— Required action —
Exactly the lines from the one that holds "(cross_edges m W)" to the end of the data below: retype these and nothing else.

— Saved data entries —

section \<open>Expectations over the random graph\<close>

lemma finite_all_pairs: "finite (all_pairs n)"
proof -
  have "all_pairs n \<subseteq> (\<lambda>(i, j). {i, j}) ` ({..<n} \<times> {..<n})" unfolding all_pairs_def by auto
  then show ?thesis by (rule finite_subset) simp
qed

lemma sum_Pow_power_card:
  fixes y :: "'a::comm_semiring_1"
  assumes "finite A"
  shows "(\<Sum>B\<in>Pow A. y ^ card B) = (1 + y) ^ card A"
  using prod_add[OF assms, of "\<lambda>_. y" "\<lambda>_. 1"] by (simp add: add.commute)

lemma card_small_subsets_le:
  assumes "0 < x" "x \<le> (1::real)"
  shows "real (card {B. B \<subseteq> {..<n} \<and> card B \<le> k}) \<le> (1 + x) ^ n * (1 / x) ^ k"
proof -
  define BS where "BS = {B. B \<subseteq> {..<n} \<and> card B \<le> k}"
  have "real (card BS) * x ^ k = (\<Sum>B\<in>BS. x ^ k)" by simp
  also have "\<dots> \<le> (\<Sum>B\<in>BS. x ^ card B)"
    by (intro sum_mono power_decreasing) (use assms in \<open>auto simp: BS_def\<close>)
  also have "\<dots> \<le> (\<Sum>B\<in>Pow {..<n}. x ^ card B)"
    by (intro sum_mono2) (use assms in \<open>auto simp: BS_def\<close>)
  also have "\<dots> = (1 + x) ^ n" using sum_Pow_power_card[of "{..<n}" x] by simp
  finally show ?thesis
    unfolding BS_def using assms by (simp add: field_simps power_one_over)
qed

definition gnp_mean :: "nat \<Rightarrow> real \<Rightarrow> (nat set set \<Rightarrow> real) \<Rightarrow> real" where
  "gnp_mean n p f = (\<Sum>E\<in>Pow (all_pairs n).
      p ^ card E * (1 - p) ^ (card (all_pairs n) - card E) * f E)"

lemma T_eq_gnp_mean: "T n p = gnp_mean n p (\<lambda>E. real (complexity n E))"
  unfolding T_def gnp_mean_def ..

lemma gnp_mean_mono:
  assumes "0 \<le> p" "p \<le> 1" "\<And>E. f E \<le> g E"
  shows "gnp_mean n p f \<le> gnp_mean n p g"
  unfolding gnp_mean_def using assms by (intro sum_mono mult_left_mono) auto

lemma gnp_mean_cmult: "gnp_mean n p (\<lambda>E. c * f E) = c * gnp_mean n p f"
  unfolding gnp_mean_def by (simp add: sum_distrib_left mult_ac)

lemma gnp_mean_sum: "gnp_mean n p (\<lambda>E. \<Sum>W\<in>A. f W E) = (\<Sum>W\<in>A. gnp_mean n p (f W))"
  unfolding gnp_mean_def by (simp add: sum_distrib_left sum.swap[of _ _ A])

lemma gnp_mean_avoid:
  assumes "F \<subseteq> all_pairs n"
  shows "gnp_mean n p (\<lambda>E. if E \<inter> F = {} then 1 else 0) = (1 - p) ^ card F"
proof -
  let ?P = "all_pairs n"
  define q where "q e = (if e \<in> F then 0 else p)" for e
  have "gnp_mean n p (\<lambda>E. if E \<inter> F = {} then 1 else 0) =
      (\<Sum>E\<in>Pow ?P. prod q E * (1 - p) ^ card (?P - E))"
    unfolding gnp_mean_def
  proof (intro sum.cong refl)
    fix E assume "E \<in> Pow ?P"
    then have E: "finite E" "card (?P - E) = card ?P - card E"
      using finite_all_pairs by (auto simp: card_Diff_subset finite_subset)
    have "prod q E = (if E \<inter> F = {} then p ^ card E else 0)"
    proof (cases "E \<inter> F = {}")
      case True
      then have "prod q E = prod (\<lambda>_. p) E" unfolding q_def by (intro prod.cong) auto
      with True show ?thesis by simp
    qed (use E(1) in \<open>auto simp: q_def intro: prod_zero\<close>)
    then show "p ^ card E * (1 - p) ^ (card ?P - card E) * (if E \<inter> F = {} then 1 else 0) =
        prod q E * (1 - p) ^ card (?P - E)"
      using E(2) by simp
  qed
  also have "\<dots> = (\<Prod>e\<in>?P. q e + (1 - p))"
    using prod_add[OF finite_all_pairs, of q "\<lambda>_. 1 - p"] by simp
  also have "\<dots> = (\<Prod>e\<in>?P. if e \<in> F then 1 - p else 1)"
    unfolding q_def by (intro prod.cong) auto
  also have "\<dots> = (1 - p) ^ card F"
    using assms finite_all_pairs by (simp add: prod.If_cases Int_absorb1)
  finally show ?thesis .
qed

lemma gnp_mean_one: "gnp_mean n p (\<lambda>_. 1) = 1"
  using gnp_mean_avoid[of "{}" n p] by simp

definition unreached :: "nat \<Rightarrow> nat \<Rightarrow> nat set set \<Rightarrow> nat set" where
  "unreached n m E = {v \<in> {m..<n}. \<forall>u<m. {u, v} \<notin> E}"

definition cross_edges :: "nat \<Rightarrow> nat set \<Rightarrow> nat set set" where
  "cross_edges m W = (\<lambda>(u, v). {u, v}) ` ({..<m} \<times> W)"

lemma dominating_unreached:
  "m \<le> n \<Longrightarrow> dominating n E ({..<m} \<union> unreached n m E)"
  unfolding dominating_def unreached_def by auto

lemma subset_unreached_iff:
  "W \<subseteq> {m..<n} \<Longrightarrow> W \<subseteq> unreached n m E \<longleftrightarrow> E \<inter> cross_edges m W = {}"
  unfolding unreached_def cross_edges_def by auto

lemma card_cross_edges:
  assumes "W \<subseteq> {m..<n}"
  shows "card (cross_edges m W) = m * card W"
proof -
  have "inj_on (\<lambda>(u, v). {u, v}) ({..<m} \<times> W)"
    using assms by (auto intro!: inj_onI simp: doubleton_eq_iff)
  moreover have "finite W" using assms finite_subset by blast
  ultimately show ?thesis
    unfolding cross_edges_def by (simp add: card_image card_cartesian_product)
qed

— Completed task —
  shows "card (cross_edges m W) = m * card W"
proof -
  have "inj_on (\<lambda>(u, v). {u, v}) ({..<m} \<times> W)"
    using assms by (auto intro!: inj_onI simp: doubleton_eq_iff)
  moreover have "finite W" using assms finite_subset by blast
  ultimately show ?thesis
    unfolding cross_edges_def by (simp add: card_image card_cartesian_product)
qed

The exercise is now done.